* _Your instructions_
Where does the word "assume" appear in the entries below? Copy each line that holds it.

[[ Data in this exercise, beginning ]]

(* Let $\mathcal X$ and $\Xi$ be Polish spaces and suppose Assumption A (described in the context) holds. Then: (i) If $(G_n,x^n)\to(G,x)$ in $\mathcal G_*[\mathcal X]$ as $n\to\infty$, then $P^{G_n,x^n}\to P^{G,x}$ weakly in $\mathcal P(\mathcal G_*[\mathcal X^\infty])$. (ii) For every $M\in\mathcal P(\mathcal G_*[\mathcal X])$ the measure $P[M]$ is well defined, and if $M_n\to M$ weakly in $\mathcal P(\mathcal G_*[\mathcal X])$, then $P[M_n]\to P[M]$ weakly in $\mathcal P(\mathcal G_*[\mathcal X^\infty])$.
   Context: All graphs are simple, locally finite, with finite or countably infinite vertex set; $N_v(G)$ denotes the set of neighbours of $v$ in $G$. For a metric space $(\mathcal Y,d)$, a $\mathcal Y$-marked rooted graph is a pair $(G,y)$ with $G$ a connected graph with distinguished root and $y=(y_v)_{v\in G}\in\mathcal Y^G$; two such are isomorphic if there is a bijection of vertex sets preserving root, edges and marks. $\mathcal G_*[\mathcal Y]$ is the set of isomorphism classes. For $k\in\mathbb N$, $B_k(G)$ is the induced rooted subgraph on vertices at graph distance at most $k$ from the root. $(G_n,y^n)\to(G,y)$ in $\mathcal G_*[\mathcal Y]$ means: for every $k\in\mathbb N$ and $\epsilon>0$ there is $n_k$ such that for every $n\ge n_k$ there is a (rooted graph) isomorphism $\varphi:B_k(G_n)\to B_k(G)$ with $\max_{v\in B_k(G_n)}d(y^n_v,y_{\varphi(v)})<\epsilon$; this is a metrizable topology, Polish when $\mathcal Y$ is Polish. Spaces of probability measures carry the weak topology. For a metric space $\mathcal Y$, $S^{\sqcup}(\mathcal Y)=\bigsqcup_{k\ge 0}S^k(\mathcal Y)$ is the space of finite unordered sequences of elements of $\mathcal Y$ of arbitrary length (possibly zero), where $S^k(\mathcal Y)$ is $\mathcal Y^k$ modulo the action of the symmetric group and $S^0(\mathcal Y)$ is a point, with the disjoint union topology; for a finite set $A$, $(z_v)_{v\in A}$ is viewed as an element of $S^\sqcup(\mathcal Y)$. $\mathcal X^\infty$ is the space of sequences $(x(k))_{k\in\mathbb N_0}$ in $\mathcal X$ with the product topology, and $x[k]=(x(0),\dots,x(k))\in\mathcal X^{k+1}$. Assumption A: (A.1) for each (possibly disconnected) graph $G$ the $\Xi$-valued noises $(\xi_v(k))_{v\in G,k\in\mathbb N}$ are i.i.d., with the same law for every $G$ (and independent of the initial data); (A.2) for each $k\in\mathbb N_0$, $F^k:\mathcal X^{k+1}\times S^\sqcup(\mathcal X^{k+1})\times\Xi\to\mathcal X$ is continuous. For a graph $G$ and $x\in\mathcal X^G$, the process $X^{G,x}=(X^{G,x}_v)_{v\in G}$ is defined by $X^{G,x}_v(0)=x_v$ and $X^{G,x}_v(k+1)=F^k\big(X^{G,x}_v[k],(X^{G,x}_u[k])_{u\in N_v(G)},\xi_v(k+1)\big)$ for $v\in G$, $k\in\mathbb N_0$. For $(G,x)\in\mathcal G_*[\mathcal X]$, $P^{G,x}\in\mathcal P(\mathcal G_*[\mathcal X^\infty])$ is the law of $(G,X^{G,x})$ (it depends only on the isomorphism class of $(G,x)$). For $M\in\mathcal P(\mathcal G_*[\mathcal X])$, $P[M]\in\mathcal P(\mathcal G_*[\mathcal X^\infty])$ is defined by $\int\varphi\,dP[M]=\int\langle P^{G,x},\varphi\rangle\,M(d(G,x))$ for bounded continuous $\varphi$ on $\mathcal G_*[\mathcal X^\infty]$. *)

theory Defs
  imports "HOL-Analysis.Analysis" "HOL-Probability.Probability"
begin

definition borel_of :: "'a topology \<Rightarrow> 'a measure" where
  "borel_of T = sigma (topspace T) {U. openin T U}"

definition weak_conv_top :: "'a topology \<Rightarrow> (nat \<Rightarrow> 'a measure) \<Rightarrow> 'a measure \<Rightarrow> bool" where
  "weak_conv_top T \<mu>s \<mu> \<longleftrightarrow>
     (\<forall>\<phi>. continuous_map T euclideanreal \<phi> \<and> bounded (\<phi> ` topspace T) \<longrightarrow>
        (\<lambda>n. \<integral>z. \<phi> z \<partial>(\<mu>s n)) \<longlonglongrightarrow> (\<integral>z. \<phi> z \<partial>\<mu>))"

text \<open>Topology determined by a notion of sequential convergence on a set S
  (for a metrizable topology this recovers the topology).\<close>
definition seq_open :: "'a set \<Rightarrow> ((nat \<Rightarrow> 'a) \<Rightarrow> 'a \<Rightarrow> bool) \<Rightarrow> 'a set \<Rightarrow> bool" where
  "seq_open S conv U \<longleftrightarrow> U \<subseteq> S \<and>
     (\<forall>a b. (\<forall>n. a n \<in> S) \<and> b \<in> S \<and> conv a b \<and> b \<in> U \<longrightarrow> eventually (\<lambda>n. a n \<in> U) sequentially)"

lemma istopology_seq_open: "istopology (seq_open S conv)"
proof -
  have I: "seq_open S conv (U \<inter> V)" if U: "seq_open S conv U" and V: "seq_open S conv V" for U V
    unfolding seq_open_def
  proof (intro conjI allI impI)
    show "U \<inter> V \<subseteq> S" using U unfolding seq_open_def by blast
    fix a b assume h: "(\<forall>n. a n \<in> S) \<and> b \<in> S \<and> conv a b \<and> b \<in> U \<inter> V"
    have "eventually (\<lambda>n. a n \<in> U) sequentially" using U h unfolding seq_open_def by blast
    moreover have "eventually (\<lambda>n. a n \<in> V) sequentially" using V h unfolding seq_open_def by blast
    ultimately show "eventually (\<lambda>n. a n \<in> U \<inter> V) sequentially"
      by (simp add: eventually_conj)
  qed
  have UN: "seq_open S conv (\<Union>K)" if K: "\<forall>U\<in>K. seq_open S conv U" for K
    unfolding seq_open_def
  proof (intro conjI allI impI)
    show "\<Union>K \<subseteq> S" using K unfolding seq_open_def by blast
    fix a b assume h: "(\<forall>n. a n \<in> S) \<and> b \<in> S \<and> conv a b \<and> b \<in> \<Union>K"
    then obtain U where U: "U \<in> K" "b \<in> U" by blast
    with K h have "eventually (\<lambda>n. a n \<in> U) sequentially" unfolding seq_open_def by blast
    then show "eventually (\<lambda>n. a n \<in> \<Union>K) sequentially"
      by (rule eventually_mono) (use U in blast)
  qed
  show ?thesis unfolding istopology_def using I UN by blast
qed

definition seq_topology :: "'a set \<Rightarrow> ((nat \<Rightarrow> 'a) \<Rightarrow> 'a \<Rightarrow> bool) \<Rightarrow> 'a topology" where
  "seq_topology S conv = topology (seq_open S conv)"

abbreviation pow_top :: "'a topology \<Rightarrow> nat \<Rightarrow> (nat \<Rightarrow> 'a) topology" where
  "pow_top T m \<equiv> product_topology (\<lambda>_. T) {..<m}"

text \<open>The space S^\<sqcup>(Y) of finite unordered sequences, realised as finite multisets;
  its topology is the disjoint union over m of the quotient topologies of Y^m modulo the
  symmetric group, i.e. the final topology of the maps Y^m \<rightarrow> multisets,
  (y_0,...,y_{m-1}) \<mapsto> {#y_0,...,y_{m-1}#}.\<close>
definition mset_open :: "'a topology \<Rightarrow> 'a multiset set \<Rightarrow> bool" where
  "mset_open T U \<longleftrightarrow> U \<subseteq> {M. set_mset M \<subseteq> topspace T} \<and>
     (\<forall>m. openin (pow_top T m) {f \<in> topspace (pow_top T m). mset (map f [0..<m]) \<in> U})"

lemma istopology_mset_open: "istopology (mset_open T)"
  unfolding istopology_def
proof (intro conjI allI impI)
  fix U V assume U: "mset_open T U" and V: "mset_open T V"
  show "mset_open T (U \<inter> V)"
    unfolding mset_open_def
  proof (intro conjI allI)
    show "U \<inter> V \<subseteq> {M. set_mset M \<subseteq> topspace T}" using U unfolding mset_open_def by blast
    fix m
    have "{f \<in> topspace (pow_top T m). mset (map f [0..<m]) \<in> U \<inter> V} =
          {f \<in> topspace (pow_top T m). mset (map f [0..<m]) \<in> U} \<inter> {f \<in> topspace (pow_top T m). mset (map f [0..<m]) \<in> V}"
      by blast
    then show "openin (pow_top T m) {f \<in> topspace (pow_top T m). mset (map f [0..<m]) \<in> U \<inter> V}"
      using U V unfolding mset_open_def by (simp add: openin_Int)
  qed
next
  fix K assume K: "\<forall>U\<in>K. mset_open T U"
  show "mset_open T (\<Union>K)"
    unfolding mset_open_def
  proof (intro conjI allI)
    show "\<Union>K \<subseteq> {M. set_mset M \<subseteq> topspace T}" using K unfolding mset_open_def by blast
    fix m
    have "{f \<in> topspace (pow_top T m). mset (map f [0..<m]) \<in> \<Union>K} =
          \<Union>((\<lambda>U. {f \<in> topspace (pow_top T m). mset (map f [0..<m]) \<in> U}) ` K)"
      by blast
    then show "openin (pow_top T m) {f \<in> topspace (pow_top T m). mset (map f [0..<m]) \<in> \<Union>K}"
      using K unfolding mset_open_def by (auto intro!: openin_Union)
  qed
qed

definition mset_topology :: "'a topology \<Rightarrow> 'a multiset topology" where
  "mset_topology T = topology (mset_open T)"

text \<open>X^{k+1}: the histories x[k] = (x(0),...,x(k)), realised as extensional functions on {..k}.\<close>
abbreviation hist_top :: "nat \<Rightarrow> (nat \<Rightarrow> 'x::topological_space) topology" where
  "hist_top k \<equiv> product_topology (\<lambda>_. euclidean) {..k}"

text \<open>A representative of a Y-marked rooted graph: vertex set V (a subset of nat, so countable),
  adjacency relation E, root r, marks y.\<close>
type_synonym 'y rg = "nat set \<times> (nat \<Rightarrow> nat \<Rightarrow> bool) \<times> nat \<times> (nat \<Rightarrow> 'y)"

primrec gball :: "nat set \<Rightarrow> (nat \<Rightarrow> nat \<Rightarrow> bool) \<Rightarrow> nat \<Rightarrow> nat \<Rightarrow> nat set" where
  "gball V E r 0 = {r}"
| "gball V E r (Suc k) = gball V E r k \<union> {v \<in> V. \<exists>u \<in> gball V E r k. E u v}"

definition valid_rg :: "'y rg \<Rightarrow> bool" where
  "valid_rg g = (case g of (V, E, r, y) \<Rightarrow>
     r \<in> V \<and> (\<forall>u v. E u v \<longrightarrow> u \<in> V \<and> v \<in> V) \<and> (\<forall>u v. E u v \<longrightarrow> E v u) \<and> (\<forall>v. \<not> E v v) \<and>
     (\<forall>v \<in> V. finite {u. E v u}) \<and> V = (\<Union>k. gball V E r k))"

[[ Data in this exercise, end ]]

* _Exercise response_
    fix a b assume h: "(\<forall>n. a n \<in> S) \<and> b \<in> S \<and> conv a b \<and> b \<in> U \<inter> V"
    fix a b assume h: "(\<forall>n. a n \<in> S) \<and> b \<in> S \<and> conv a b \<and> b \<in> \<Union>K"
  fix U V assume U: "mset_open T U" and V: "mset_open T V"
  fix K assume K: "\<forall>U\<in>K. mset_open T U"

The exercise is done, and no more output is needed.